Two dozen defendants were indicted on federal conspiracy charges after a transnational, multi-year investigation into an alleged human smuggling and labor trafficking operation that illegally imported agricultural workers from Mexico, Guatemala, and Honduras, fraudulently using the H-2A visa program, and kept them in brutal conditions on Georgia farms, the U.S. Attorney’s Office for the Southern District of Georgia announced.

The newly unsealed, 54-count indictment in USA v. Patricio et al. details felony charges resulting from “Operation Blooming Onion,” an Organized Crime Drug Enforcement Task Forces (OCDETF) investigation. The multi-agency investigation, led by Homeland Security Investigations and other federal agencies, spanned at least three years. The 53-page indictment documents dozens of victims of “modern-day slavery” brought to the United States as contract agricultural laborers. 

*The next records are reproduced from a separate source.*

lemma near_lattice_borel:
  assumes "is_norm N"
  shows "near_lattice N \<rho> \<in> sets borel"
proof (rule borel_open)
  have "near_lattice N \<rho> = (\<Union>j\<in>integer_lattice. (\<lambda>u. N (u - j)) -` {..<\<rho>})"
    by (auto simp: near_lattice_def)
  moreover have "continuous_on UNIV (\<lambda>u. N (u - j))" for j
    by (intro continuous_on_compose2[OF is_norm_continuous_on[OF assms]] continuous_intros) auto
  ultimately show "open (near_lattice N \<rho>)"
    by (auto intro!: open_vimage)
qed

text \<open>A Euclidean ball of radius \<open>\<rho> / C\<close> around the centre \<open>h\<close> of the cube, translated by
  \<open>-h\<close>, lies in \<open>near_lattice N \<rho>\<close>; for small \<open>\<rho>\<close> the ball also lies in the cube.\<close>

lemma ball_subset_near_lattice:
  fixes N :: "real ^ 'n \<Rightarrow> real"
  assumes C: "0 < C" "\<And>v. N v \<le> C * norm v" and c: "0 < c" "\<And>v i. c * \<bar>v $ i\<bar> \<le> N v"
    and "\<rho> \<le> c / 2"
  shows "ball (\<chi> i. 1 / 2) (\<rho> / C) \<subseteq> {x. x - (\<chi> i. 1 / 2) \<in> near_lattice N \<rho>} \<inter> unit_cube"
proof
  fix x :: "real ^ 'n" assume "x \<in> ball (\<chi> i. 1 / 2) (\<rho> / C)"
  then have N_less: "N (x - (\<chi> i. 1 / 2)) < \<rho>"
    using C(2)[of "x - (\<chi> i. 1 / 2)"] C(1) by (simp add: dist_norm norm_minus_commute field_simps)
  then have "x - (\<chi> i. 1 / 2) \<in> near_lattice N \<rho>"
    unfolding near_lattice_def by (intro CollectI bexI[of _ 0]) (simp_all add: integer_lattice_def)
  moreover have "0 \<le> x $ i \<and> x $ i < 1" for i
  proof -
    have "c * \<bar>x $ i - 1 / 2\<bar> < c * (1 / 2)"
      using c(2)[of "x - (\<chi> i. 1 / 2)" i] N_less \<open>\<rho> \<le> c / 2\<close> by simp
    then have "\<bar>x $ i - 1 / 2\<bar> < 1 / 2" using c(1) by simp
    then show ?thesis unfolding abs_less_iff by linarith
  qed
  ultimately show "x \<in> {x. x - (\<chi> i. 1 / 2) \<in> near_lattice N \<rho>} \<inter> unit_cube"
    by (simp add: unit_cube_def)
qed

lemma measure_near_lattice_lower_bound:
  fixes N :: "real ^ 'n \<Rightarrow> real"
  assumes N: "is_norm N"
  obtains \<kappa> \<epsilon> where "0 < \<kappa>" "0 < \<epsilon>"
    "\<And>\<rho>. 0 \<le> \<rho> \<Longrightarrow> \<rho> \<le> \<epsilon> \<Longrightarrow> \<kappa> * \<rho> ^ CARD('n) \<le> measure lborel (near_lattice N \<rho> \<inter> unit_cube)"
proof -
  obtain C where C: "0 < C" "\<And>v. N v \<le> C * norm v" using is_norm_le_norm[OF N] by blast
  obtain c where c: "0 < c" "\<And>v i. c * \<bar>v $ i\<bar> \<le> N v" using is_norm_ge_abs_component[OF N] by blast
  define \<kappa> where "\<kappa> = unit_ball_vol (real CARD('n)) / C ^ CARD('n)"
  have "\<kappa> * \<rho> ^ CARD('n) \<le> measure lborel (near_lattice N \<rho> \<inter> unit_cube)"
    if \<rho>: "0 \<le> \<rho>" "\<rho> \<le> c / 2" for \<rho>
  proof -
    have [measurable]: "near_lattice N \<rho> \<in> sets borel" by (rule near_lattice_borel[OF N])
    have "ennreal (\<kappa> * \<rho> ^ CARD('n)) = emeasure lborel (ball (\<chi> i. 1 / 2 :: real ^ 'n) (\<rho> / C))"
      using \<rho> C(1) by (simp add: \<kappa>_def emeasure_ball power_divide)
    also have "\<dots> \<le> emeasure lborel ({x. x - (\<chi> i. 1 / 2) \<in> near_lattice N \<rho>} \<inter> unit_cube)"
      by (intro emeasure_mono ball_subset_near_lattice[OF C c \<rho>(2)]) measurable
    also have "\<dots> = emeasure lborel (near_lattice N \<rho> \<inter> unit_cube)"
      using emeasure_Int_unit_cube_translate[OF _ near_lattice_periodic, of N \<rho> "- (\<chi> i. 1 / 2)"]
      by simp
    also have "\<dots> = ennreal (measure lborel (near_lattice N \<rho> \<inter> unit_cube))"
      using emeasure_Int_unit_cube_finite[of "near_lattice N \<rho>"]
      by (intro emeasure_eq_ennreal_measure) (simp add: less_top)
    finally show ?thesis by simp
  qed
  then show ?thesis using that[of \<kappa> "c / 2"] C(1) c(1) by (simp add: \<kappa>_def)
qed

lemma P_class_nonneg:
  assumes "P_class d r" "1 \<le> n"
  shows "0 \<le> r n"
proof -
  have "r m \<le> r n" if "n \<le> m" for m
    using that
  proof (induction m rule: dec_induct)
    case (step m)
    then show ?case using assms unfolding P_class_def by (meson order.trans le_trans)
  qed simp
  moreover have "r \<longlonglongrightarrow> 0" using assms(1) by (simp add: P_class_def)
  ultimately show ?thesis by (intro LIMSEQ_le_const2) auto
qed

According to a statement from the U.S. Attorney’s Office, exploitation of the workers included “being required to dig onions with their bare hands, paid 20 cents for each bucket harvested, and threatened with guns and violence to keep them in line. The workers were held in cramped, unsanitary quarters and fenced work camps with little or no food, limited plumbing and without safe water. The conspirators are accused of raping, kidnapping and threatening or attempting to kill some of the workers or their families, and in many cases [the conspirators] sold or traded the workers to other conspirators. At least two of the workers died as a result of workplace conditions.” The perpetrators are alleged to have received more than $200 million from the scheme, which also included money laundering and witness intimidation and tampering.